SOURCE INFORMATION Start Marker

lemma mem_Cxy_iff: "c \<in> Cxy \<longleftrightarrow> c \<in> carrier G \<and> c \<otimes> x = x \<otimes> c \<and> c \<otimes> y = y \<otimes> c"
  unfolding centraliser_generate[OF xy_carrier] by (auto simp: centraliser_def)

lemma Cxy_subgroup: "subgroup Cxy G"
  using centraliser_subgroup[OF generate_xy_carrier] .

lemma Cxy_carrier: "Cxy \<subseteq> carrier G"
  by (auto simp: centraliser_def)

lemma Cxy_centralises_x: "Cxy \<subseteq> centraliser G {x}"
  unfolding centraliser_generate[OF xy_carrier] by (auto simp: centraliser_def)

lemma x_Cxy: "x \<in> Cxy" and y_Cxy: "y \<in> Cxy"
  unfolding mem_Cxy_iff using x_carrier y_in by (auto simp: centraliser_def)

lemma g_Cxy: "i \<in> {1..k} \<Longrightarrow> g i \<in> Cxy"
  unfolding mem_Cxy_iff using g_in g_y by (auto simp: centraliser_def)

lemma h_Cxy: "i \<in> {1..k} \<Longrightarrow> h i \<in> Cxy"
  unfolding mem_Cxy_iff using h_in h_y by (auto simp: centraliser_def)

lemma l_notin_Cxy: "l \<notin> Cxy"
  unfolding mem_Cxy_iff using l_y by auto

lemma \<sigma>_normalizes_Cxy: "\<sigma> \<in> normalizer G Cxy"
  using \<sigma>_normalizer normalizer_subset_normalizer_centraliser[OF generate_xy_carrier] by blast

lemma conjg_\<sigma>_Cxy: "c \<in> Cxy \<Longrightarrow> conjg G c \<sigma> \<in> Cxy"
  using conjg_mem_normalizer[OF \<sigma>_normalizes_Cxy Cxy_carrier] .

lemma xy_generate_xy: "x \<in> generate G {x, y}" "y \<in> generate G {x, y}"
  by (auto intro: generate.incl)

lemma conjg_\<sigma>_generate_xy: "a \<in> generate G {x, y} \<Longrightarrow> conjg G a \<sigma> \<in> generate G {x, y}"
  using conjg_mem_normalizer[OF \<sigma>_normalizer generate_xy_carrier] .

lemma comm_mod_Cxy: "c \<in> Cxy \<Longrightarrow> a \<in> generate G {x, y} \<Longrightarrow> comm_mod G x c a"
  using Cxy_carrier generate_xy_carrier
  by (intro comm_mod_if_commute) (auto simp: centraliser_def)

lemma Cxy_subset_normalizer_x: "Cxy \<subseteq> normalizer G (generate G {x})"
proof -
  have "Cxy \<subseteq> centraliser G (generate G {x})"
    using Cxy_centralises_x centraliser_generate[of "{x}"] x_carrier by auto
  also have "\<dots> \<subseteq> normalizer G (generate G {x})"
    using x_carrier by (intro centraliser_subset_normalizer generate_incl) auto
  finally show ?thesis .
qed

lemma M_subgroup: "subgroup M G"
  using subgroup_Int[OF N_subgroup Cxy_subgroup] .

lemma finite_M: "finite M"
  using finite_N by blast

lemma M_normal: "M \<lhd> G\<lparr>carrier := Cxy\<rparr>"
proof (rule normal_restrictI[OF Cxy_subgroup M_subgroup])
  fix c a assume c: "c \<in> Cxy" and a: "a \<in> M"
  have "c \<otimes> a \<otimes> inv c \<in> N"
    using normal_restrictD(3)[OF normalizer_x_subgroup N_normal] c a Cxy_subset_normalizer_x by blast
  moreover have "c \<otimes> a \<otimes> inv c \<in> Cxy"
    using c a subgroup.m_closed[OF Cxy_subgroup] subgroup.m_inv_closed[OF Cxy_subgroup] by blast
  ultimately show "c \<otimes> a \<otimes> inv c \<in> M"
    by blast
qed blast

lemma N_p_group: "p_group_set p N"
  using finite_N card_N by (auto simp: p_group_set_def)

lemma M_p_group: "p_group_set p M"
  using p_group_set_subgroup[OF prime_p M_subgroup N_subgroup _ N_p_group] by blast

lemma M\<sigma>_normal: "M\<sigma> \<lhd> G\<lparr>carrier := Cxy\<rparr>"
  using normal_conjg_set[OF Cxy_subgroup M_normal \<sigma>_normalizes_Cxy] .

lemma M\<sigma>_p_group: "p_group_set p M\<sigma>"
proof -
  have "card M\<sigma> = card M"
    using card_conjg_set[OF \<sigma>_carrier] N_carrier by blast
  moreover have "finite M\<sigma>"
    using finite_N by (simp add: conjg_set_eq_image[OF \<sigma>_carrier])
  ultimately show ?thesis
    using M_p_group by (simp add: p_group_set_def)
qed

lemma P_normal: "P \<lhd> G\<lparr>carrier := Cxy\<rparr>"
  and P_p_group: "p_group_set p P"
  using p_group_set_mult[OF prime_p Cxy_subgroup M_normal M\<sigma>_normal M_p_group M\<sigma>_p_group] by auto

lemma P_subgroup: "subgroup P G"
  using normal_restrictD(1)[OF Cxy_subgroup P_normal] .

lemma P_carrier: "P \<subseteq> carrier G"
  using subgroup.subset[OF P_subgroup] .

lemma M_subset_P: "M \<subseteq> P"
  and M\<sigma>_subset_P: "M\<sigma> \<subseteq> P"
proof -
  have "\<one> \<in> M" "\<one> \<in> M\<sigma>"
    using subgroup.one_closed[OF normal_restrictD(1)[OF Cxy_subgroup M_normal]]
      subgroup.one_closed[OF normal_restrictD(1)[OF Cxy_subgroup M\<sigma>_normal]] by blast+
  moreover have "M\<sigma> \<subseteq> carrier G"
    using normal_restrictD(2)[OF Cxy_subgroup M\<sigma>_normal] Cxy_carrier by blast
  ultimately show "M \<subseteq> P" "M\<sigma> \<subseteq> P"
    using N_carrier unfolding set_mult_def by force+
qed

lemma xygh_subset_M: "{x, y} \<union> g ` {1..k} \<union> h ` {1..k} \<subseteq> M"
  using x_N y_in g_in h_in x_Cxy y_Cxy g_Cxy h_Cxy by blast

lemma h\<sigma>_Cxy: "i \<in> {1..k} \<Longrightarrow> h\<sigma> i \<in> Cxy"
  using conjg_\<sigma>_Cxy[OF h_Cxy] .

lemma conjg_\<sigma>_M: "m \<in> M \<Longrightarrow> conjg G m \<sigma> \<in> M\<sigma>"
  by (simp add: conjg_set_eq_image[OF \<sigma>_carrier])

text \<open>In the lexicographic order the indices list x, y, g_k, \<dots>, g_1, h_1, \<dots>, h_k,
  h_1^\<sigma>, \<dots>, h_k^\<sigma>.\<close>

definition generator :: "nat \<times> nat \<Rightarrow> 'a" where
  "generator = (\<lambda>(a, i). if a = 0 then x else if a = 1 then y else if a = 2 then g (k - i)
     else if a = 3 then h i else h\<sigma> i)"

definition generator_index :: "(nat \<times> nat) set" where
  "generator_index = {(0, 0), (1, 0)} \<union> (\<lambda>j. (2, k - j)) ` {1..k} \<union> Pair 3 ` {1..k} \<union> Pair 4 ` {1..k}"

SOURCE INFORMATION End Marker
SOURCE INFORMATION Start Marker

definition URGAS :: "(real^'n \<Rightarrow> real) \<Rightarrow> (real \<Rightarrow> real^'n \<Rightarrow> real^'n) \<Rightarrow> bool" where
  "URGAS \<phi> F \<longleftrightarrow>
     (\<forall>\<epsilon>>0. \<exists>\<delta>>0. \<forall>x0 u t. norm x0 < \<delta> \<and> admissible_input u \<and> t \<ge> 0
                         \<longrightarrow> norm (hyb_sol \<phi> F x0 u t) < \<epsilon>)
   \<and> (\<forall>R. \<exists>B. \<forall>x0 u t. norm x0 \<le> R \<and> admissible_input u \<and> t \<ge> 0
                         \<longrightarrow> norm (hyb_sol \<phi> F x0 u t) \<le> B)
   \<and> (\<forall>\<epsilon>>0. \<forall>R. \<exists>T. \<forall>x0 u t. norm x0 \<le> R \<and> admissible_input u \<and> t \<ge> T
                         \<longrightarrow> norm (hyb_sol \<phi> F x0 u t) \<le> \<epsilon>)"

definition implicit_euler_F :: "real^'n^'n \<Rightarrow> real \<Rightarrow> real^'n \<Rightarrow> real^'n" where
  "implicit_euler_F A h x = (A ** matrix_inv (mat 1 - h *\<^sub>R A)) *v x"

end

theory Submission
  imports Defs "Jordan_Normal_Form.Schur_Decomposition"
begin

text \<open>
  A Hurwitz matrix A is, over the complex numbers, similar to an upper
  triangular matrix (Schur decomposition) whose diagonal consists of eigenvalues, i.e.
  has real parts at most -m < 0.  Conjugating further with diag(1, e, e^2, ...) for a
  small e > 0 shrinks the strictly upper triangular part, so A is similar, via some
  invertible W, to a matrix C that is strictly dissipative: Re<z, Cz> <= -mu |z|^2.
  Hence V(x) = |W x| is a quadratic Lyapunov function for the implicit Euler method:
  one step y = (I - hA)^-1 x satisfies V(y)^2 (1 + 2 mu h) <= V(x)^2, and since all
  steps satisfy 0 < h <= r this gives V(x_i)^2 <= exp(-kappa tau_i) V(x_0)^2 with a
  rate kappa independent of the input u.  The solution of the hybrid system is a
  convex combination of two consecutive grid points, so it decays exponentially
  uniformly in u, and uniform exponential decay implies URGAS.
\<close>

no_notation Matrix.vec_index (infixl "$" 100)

SOURCE INFORMATION End Marker

**PROBLEM TO WORK ON:**
In the entries above, find the line holding "R \<and> admissible_input u \<and> t \<ge> 0" and the line holding "small e > 0"; print both of them and every line between, exactly, and nothing else.

**SOLUTION TO THIS EXERCISE:**
   \<and> (\<forall>R. \<exists>B. \<forall>x0 u t. norm x0 \<le> R \<and> admissible_input u \<and> t \<ge> 0
                         \<longrightarrow> norm (hyb_sol \<phi> F x0 u t) \<le> B)
   \<and> (\<forall>\<epsilon>>0. \<forall>R. \<exists>T. \<forall>x0 u t. norm x0 \<le> R \<and> admissible_input u \<and> t \<ge> T
                         \<longrightarrow> norm (hyb_sol \<phi> F x0 u t) \<le> \<epsilon>)"

definition implicit_euler_F :: "real^'n^'n \<Rightarrow> real \<Rightarrow> real^'n \<Rightarrow> real^'n" where
  "implicit_euler_F A h x = (A ** matrix_inv (mat 1 - h *\<^sub>R A)) *v x"

end

theory Submission
  imports Defs "Jordan_Normal_Form.Schur_Decomposition"
begin

text \<open>
  A Hurwitz matrix A is, over the complex numbers, similar to an upper
  triangular matrix (Schur decomposition) whose diagonal consists of eigenvalues, i.e.
  has real parts at most -m < 0.  Conjugating further with diag(1, e, e^2, ...) for a
  small e > 0 shrinks the strictly upper triangular part, so A is similar, via some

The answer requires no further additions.